SGACNet: Spatial-information Guided Adaptive Context-aware Network for Efficient RGB-D Semantic Segmentation
This repository contains the code for our paper "Spatial-information Guided Adaptive Context-aware Network for Efficient RGB-D Semantic Segmentation" .
We provide the weights for our selected ESANet-R34-NBt1D (with ResNet34 NBt1D backbones) on NYUv2, SunRGBD, and Cityscapes. Download and extract the models to ./trained_models
.
Backbone | PixAcc | mAcc | mIoU | Input | Model |
---|---|---|---|---|---|
ResNet18-NBt1D | 74.6 | 61.8 | 48.2 | RGBD | model |
ResNet34-NBt1D | 75.6 | 62.7 | 49.4 | RGBD | model |
Backbone | PixAcc | mAcc | mIoU | Input | Model |
---|---|---|---|---|---|
ResNet18-NBt1D | 81.0 | 57.8 | 46.5 | RGBD | model |
ResNet34-NBt1D | 81.2 | 60.8 | 47.8 | RGBD | model |
Backbone | Params | mIoU.half | mIoU.full | Input | Model |
---|---|---|---|---|---|
ResNet18-NBt1D | 22.1 | 73.3 | 78.7 | RGBD | model |
ResNet34-NBt1D | 35.6 | 74.1 | 79.7 | RGBD | model |
Please navigate to the cloned directory.
git clone --recursive https://github.com/CyunXiong/SGACNet.git
cd /path/to/this/repository
Note we are using Python 3.7+. Torch 1.3.1 and torchvision 0.4.2
conda env create -f rgbd_segmentation1.yaml
conda activate SGACNet
We trained our networks on NYUv2, SUNRGB-D, and Cityscapes. And they are stored in <dir>/datasets
.
You can also choose the folder src/datasets
which contains the code to prepare NYUv2, SunRGB-D, and Cityscapes for training and evaluation. Please follow the instructions given for the respective dataset and store the created datasets.

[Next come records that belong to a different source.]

lemma steiner_point_intro:
  fixes A B C S ctr \<alpha> \<beta> zA zB zC zS c :: complex and R :: real
  defines "G \<equiv> (A + B + C) / 3"
  assumes "Im (cnj (B - A) * (C - A)) \<noteq> 0"
    and "cmod \<alpha> \<noteq> cmod \<beta>" "R \<ge> 0" "c \<noteq> 0"
    and "cmod zA = 1" "cmod zB = 1" "cmod zC = 1" "cmod zS = 1"
    and "A = G + \<alpha> * zA + \<beta> / zA" "B = G + \<alpha> * zB + \<beta> / zB"
    and "C = G + \<alpha> * zC + \<beta> / zC" "S = G + \<alpha> * zS + \<beta> / zS"
    and quartic: "[:\<beta>, G - ctr, \<alpha>:] * [:cnj \<alpha>, cnj (G - ctr), cnj \<beta>:] - monom (of_real (R^2)) 2
       = smult c ([:-zA, 1:] * [:-zB, 1:] * [:-zC, 1:] * [:-zS, 1:])"
  shows "steiner_point A B C S"
proof -
  have on_circle: "cmod (G + \<alpha> * z + \<beta> / z - ctr) = R"
    if "cmod z = 1" "z \<in> {zA, zB, zC}" for z
  proof -
    have root: "poly [:-y, 1:] y = 0" for y :: complex
      by simp
    have "z^2 * of_real (cmod ((G - ctr) + \<alpha> * z + \<beta> / z) ^ 2 - R^2)
        = poly (smult c ([:-zA, 1:] * [:-zB, 1:] * [:-zC, 1:] * [:-zS, 1:])) z"
      unfolding quartic[symmetric] by (rule poly_circle_ellipse_unit[OF that(1), symmetric])
    also have "\<dots> = 0"
      using that(2) by (auto simp only: poly_smult poly_mult root mult_zero_left mult_zero_right)
    finally have "z^2 * of_real (cmod ((G - ctr) + \<alpha> * z + \<beta> / z) ^ 2 - R^2) = 0" .
    moreover have "z \<noteq> 0"
      using that(1) by auto
    ultimately have "cmod ((G - ctr) + \<alpha> * z + \<beta> / z) ^ 2 = R ^ 2"
      by (metis mult_eq_0_iff of_real_eq_0_iff power_not_zero right_minus_eq)
    with \<open>R \<ge> 0\<close> show ?thesis
      by (simp add: power2_eq_iff_nonneg algebra_simps)
  qed
  show ?thesis
    unfolding steiner_point_def Let_def G_def[symmetric]
    using assms(2-) on_circle by blast
qed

ImageNet can be downloaded for our selected backbones on the above datasets. Stored in <dir>/trained_models/imagenet
.
- Note that we reported the inference time for all datasets in our paper.
Use main.py
to train SGACNet on NYUv2, SUNRGB-D, and Cityscapes. Otherwise, you can use imagenet_pretraining.py to create your own pre-trained weights.
Example:
- Train our SGACNet on NYUv2:
Run
sh train_nyu.sh(train_sunrgbd.sh/train_cityscapes.sh)
.
#train_nyu.sh
python train.py \
--dataset nyuv2 \
--dataset_dir ./datasets/nyuv2 \
--pretrained_dir ./trained_models/imagenet \
--results_dir ./results \
--height 480 \
--width 640 \
--batch_size 16 \
--batch_size_valid 24 \
--lr 0.01 \
--optimizer SGD \
--class_weighting median_frequency \
--encoder resnet34 \
--encoder_block NonBottleneck1D \
--nr_decoder_blocks 3 \
--modality rgbd \
--encoder_decoder_fusion add \
--context_module ppm \
--decoder_channels_mode decreasing \
--fuse_depth_in_rgb_encoder SE-add \
--upsampling learned-3x3-zeropad
Note that some parameters are different in Cityscapes.
To reproduce the metrics reported in our paper, run sh eval.sh
.
Example:
- To evaluate our SGACNet trained on NYUv2, use:
python eval.py \
--dataset nyuv2 \
--dataset_dir ./datasets/nyuv2 \
--ckpt_path ./trained_models/nyuv2/nyuv2_r34_NBt1D/r34_NBt1D.pth
Evaluation on SUN RGB-D is similar to NYUv2.
- To evaluate our SGACNet trained on Cityscapes, use:
python eval.py \
--dataset cityscapes-with-depth \
--dataset_dir ./datasets/cityscapes \
--ckpt_path ./trained_models/cityscapes/cityscapes_r34_NBt1D_half/r34_NBt1D_half \
--height 512 \
--width 1024 \
--raw_depth \
--context_module appm-1-2-4-8 \
--valid_full_res
We timed the inference on a single NVIDIA RTX 3090Ti with CUDA 11.7. Example:
- To reproduce the timings of our SGACNet trained on NYUv2, run eval_nyuv.sh:
python3 ./inference_time_whole_model.py \
--dataset nyuv2 \
--no_time_pytorch \
--no_time_tensorrt \
--trt_floatx 16 \
--plot_timing \
--plot_outputs \
--export_outputs
Yang Zhang, Chenyun Xiong, Junjie Liu, Xuhui Ye, and Guodong Sun. Spatial-information Guided Adaptive Context-aware Network for Efficient RGBD Semantic Segmentation[J]. IEEE Sensors Journal, 2023.